A structured set of objections, weighed in public.

Desk editor's note, referee report, simulated authors' rebuttal, and a circularity audit. Tearing a paper down is the easy half of reading it; the pith above is the substance, this is the friction.

Desk Editor's Note private letter to a colleague

Fusing the full data path into one GPU kernel is a sensible engineering move, but the speedups are hard to credit cleanly to fusion because other optimizations are bundled in.

read the letter

The paper's main contribution is Data Path Fusion (DPF), which packs IO, decompression, and query execution into a single GPU kernel instead of the usual multi-kernel handoff with host-device traffic. They also fold in type-specific compression, variable-length attribute handling, and a GPU-driven IO path, then show a prototype (DPFProto) running TPC-H and SSB queries. The headline numbers are 2.66–6.22× on TPC-H and 3.84–16.81× on SSB versus prior GPU DB work. If the full paper has solid implementation details and the numbers hold under scrutiny, this is the kind of incremental but useful step that GPU database people actually implement.

Referee Report

2 major / 1 minor

Summary. The paper proposes Data Path Fusion (DPF), a GPU architecture for analytical query processing that fuses IO, decompression, and query operations into a single kernel to reduce host-device communication overhead.

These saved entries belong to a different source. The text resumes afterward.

lemma summable_on_square_diff:
  fixes f g :: "'a \<Rightarrow> real"
  assumes "(\<lambda>x. (f x)^2) summable_on A" "(\<lambda>x. (g x)^2) summable_on A"
  shows "(\<lambda>x. (f x - g x)^2) summable_on A"
proof (rule summable_on_comparison_test)
  show "(\<lambda>x. 2 * (f x)^2 + 2 * (g x)^2) summable_on A"
    by (intro summable_on_add summable_on_cmult_right assms)
  fix x
  have "2 * (f x)^2 + 2 * (g x)^2 - (f x - g x)^2 = (f x + g x)^2"
    by (simp add: power2_eq_square algebra_simps)
  then show "(f x - g x)^2 \<le> 2 * (f x)^2 + 2 * (g x)^2"
    using zero_le_power2[of "f x + g x"] by linarith
qed simp

lemma has_sum_shift_int:
  "((\<lambda>i::int. f (i + k)) has_sum S) UNIV \<longleftrightarrow> (f has_sum S) UNIV"
  by (rule has_sum_reindex_bij_betw) (rule bij_betwI[where g="\<lambda>i. i - k"], auto)

lemma infsum_shift_int: "(\<Sum>\<^sub>\<infinity>i::int. f (i + k)) = (\<Sum>\<^sub>\<infinity>i. f i)"
  by (rule infsum_reindex_bij_betw) (rule bij_betwI[where g="\<lambda>i. i - k"], auto)

lemma summable_on_shift_int:
  "(\<lambda>i::int. f (i + k)) summable_on UNIV \<longleftrightarrow> f summable_on UNIV"
  unfolding summable_on_def by (simp add: has_sum_shift_int)

lemma summation_by_parts_int:
  fixes g w :: "int \<Rightarrow> real"
  assumes "(\<lambda>i. g i * (w (i+1) - w i)) summable_on UNIV"
      and "(\<lambda>i. g (i+1) * (w (i+1) - w i)) summable_on UNIV"
  shows "((\<lambda>i. g i * (w (i+1) - 2 * w i + w (i-1))) has_sum
           - (\<Sum>\<^sub>\<infinity>i. (g (i+1) - g i) * (w (i+1) - w i))) UNIV"
proof -
  define A where "A i = g i * (w (i+1) - w i)" for i
  define B where "B i = g (i+1) * (w (i+1) - w i)" for i
  have hA: "(A has_sum infsum A UNIV) UNIV" and hB: "(B has_sum infsum B UNIV) UNIV"
    using assms by (simp_all add: A_def[abs_def] B_def[abs_def])
  have "((\<lambda>i. - B (i - 1)) has_sum - infsum B UNIV) UNIV"
    using hB has_sum_shift_int[of B "-1"] by (simp add: has_sum_uminus)
  from has_sum_add[OF hA this]
  have AB: "((\<lambda>i. A i - B (i - 1)) has_sum (infsum A UNIV - infsum B UNIV)) UNIV"
    by simp
  have "((\<lambda>i. - A i) has_sum - infsum A UNIV) UNIV"
    using hA by (simp add: has_sum_uminus)
  from has_sum_add[OF hB this]
  have BA: "((\<lambda>i. B i - A i) has_sum (infsum B UNIV - infsum A UNIV)) UNIV"
    by simp
  have "(\<lambda>i. g i * (w (i+1) - 2 * w i + w (i-1))) = (\<lambda>i. A i - B (i - 1))"
    and "(\<lambda>i. (g (i+1) - g i) * (w (i+1) - w i)) = (\<lambda>i. B i - A i)"
    by (simp_all add: A_def B_def fun_eq_iff algebra_simps)
  with AB infsumI[OF BA] show ?thesis
    by simp
qed

lemma nn_integral_count_space_eq_infsum:
  fixes f :: "'a \<Rightarrow> real"
  assumes "f summable_on UNIV" "\<And>x. f x \<ge> 0"
  shows "(\<integral>\<^sup>+x. ennreal (f x) \<partial>count_space UNIV) = ennreal (\<Sum>\<^sub>\<infinity>x. f x)"
proof -
  have "Infinite_Set_Sum.abs_summable_on f UNIV"
    using assms abs_summable_equivalent by fastforce
  then show ?thesis
    using nn_integral_conv_infsetsum infsetsum_infsum assms(2) by metis
qed

text \<open>Unlike \<open>nn_integral_cmult\<close>, only the smaller function needs to be measurable.\<close>
lemma nn_integral_le_cmult:
  assumes f: "f \<in> borel_measurable M" and K: "K \<ge> 0"
      and le: "\<And>x. f x \<le> ennreal K * g x"
  shows "integral\<^sup>N M f \<le> ennreal K * integral\<^sup>N M g"
proof (cases "K = 0")
  case True
  with le have "f = (\<lambda>_. 0)"
    by (simp add: fun_eq_iff)
  then show ?thesis by simp
next
  case False
  then have Kinv: "ennreal (1/K) * ennreal K = 1"
    using K by (simp flip: ennreal_mult)
  have "ennreal (1/K) * integral\<^sup>N M f = (\<integral>\<^sup>+x. ennreal (1/K) * f x \<partial>M)"
    by (rule nn_integral_cmult[symmetric, OF f])
  also have "\<dots> \<le> integral\<^sup>N M g"
  proof (rule nn_integral_mono)
    fix x
    have "ennreal (1/K) * f x \<le> ennreal (1/K) * (ennreal K * g x)"
      by (rule mult_left_mono[OF le]) simp
    also have "\<dots> = g x"
      by (simp only: mult.assoc[symmetric] Kinv mult_1)
    finally show "ennreal (1/K) * f x \<le> g x" .
  qed
  finally have "ennreal K * (ennreal (1/K) * integral\<^sup>N M f) \<le> ennreal K * integral\<^sup>N M g"
    by (rule mult_left_mono) simp
  then show ?thesis
    by (simp only: mult.assoc[symmetric] mult.commute[of "ennreal K"] Kinv mult_1)
qed

lemma set_integral_le_if_nn_bound:
  fixes f :: "'a \<Rightarrow> real" and g :: "'a \<Rightarrow> ennreal"
  assumes K: "K \<ge> 0"
      and bound: "\<And>x. x \<in> A \<Longrightarrow> ennreal (max (f x) 0) \<le> ennreal K * g x"
      and finite: "set_nn_integral M A g < \<infinity>"
  shows "(LINT x:A|M. f x) \<le> K * enn2real (set_nn_integral M A g)"
proof (cases "integrable M (\<lambda>x. indicator A x *\<^sub>R f x)")
  case False
  then show ?thesis
    using K by (simp add: set_lebesgue_integral_def not_integrable_integral_eq)
next
  case True
  define F where "F x = indicator A x *\<^sub>R f x" for x
  have [measurable]: "F \<in> borel_measurable M"
    using True unfolding F_def[abs_def] by (rule borel_measurable_integrable)
  have nn: "(\<integral>\<^sup>+x. ennreal (max (F x) 0) \<partial>M) \<le> ennreal K * set_nn_integral M A g"
  proof (rule nn_integral_le_cmult[OF _ K])
    show "ennreal (max (F x) 0) \<le> ennreal K * (g x * indicator A x)" for x
      using bound[of x] by (cases "x \<in> A") (simp_all add: F_def)
  qed measurable
  have "(LINT x:A|M. f x) \<le> integral\<^sup>L M (\<lambda>x. max (F x) 0)"
    unfolding set_lebesgue_integral_def F_def[symmetric]
    by (rule integral_mono) (use True in \<open>auto simp: F_def\<close>)
  also have "\<dots> = enn2real (\<integral>\<^sup>+x. ennreal (max (F x) 0) \<partial>M)"
    by (rule integral_eq_nn_integral) auto
  also have "\<dots> \<le> enn2real (ennreal K * set_nn_integral M A g)"
    by (rule enn2real_mono[OF nn]) (use finite in \<open>simp add: ennreal_mult_less_top\<close>)
  also have "\<dots> = K * enn2real (set_nn_integral M A g)"
    using K by (simp add: enn2real_mult)
  finally show ?thesis .
qed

It integrates type-specific compression/decompression, variable-length attribute support, and GPU-driven IO mechanisms. Using a prototype (DPFProto), the authors report speedups of 2.66-6.22× on TPC-H and 3.84-16.81× on SSB over the state-of-the-art in representative configurations.

Significance. If the speedups can be cleanly attributed to single-kernel fusion rather than other integrated optimizations, the work would be significant for GPU-accelerated databases by showing how to better utilize GPU compute and IO bandwidth for end-to-end analytical queries. The engineering integration of multiple techniques into one kernel addresses a recognized inefficiency in prior systems and provides concrete benchmark numbers on TPC-H and SSB.

major comments (2)

[Abstract] Abstract: The central performance claims attribute the reported speedups (2.66-6.22× TPC-H, 3.84-16.81× SSB) to fusing IO/decompression/query into one GPU kernel, yet the same paragraph lists integration of type-specific compression/decompression and variable-length attribute support as core parts of DPF. If the cited state-of-the-art baseline omits these techniques, the deltas cannot be credited to fusion alone without an ablation that holds compression, variable-length handling, and IO mechanisms fixed while varying only the kernel fusion.
[Experimental evaluation] Experimental evaluation section: The abstract and results provide no details on hardware configuration, data sizes, number of runs, error bars, baseline implementation specifics, or how the single-kernel design avoids resource conflicts (e.g., register pressure or warp divergence on variable-length decoding). These omissions make the headline numbers impossible to verify or reproduce.

minor comments (1)

[Abstract] Abstract: The phrase 'in the representative configuration' is used for the speedup ranges but is not defined; clarify which queries, scale factors, or hardware settings correspond to the minimum and maximum values.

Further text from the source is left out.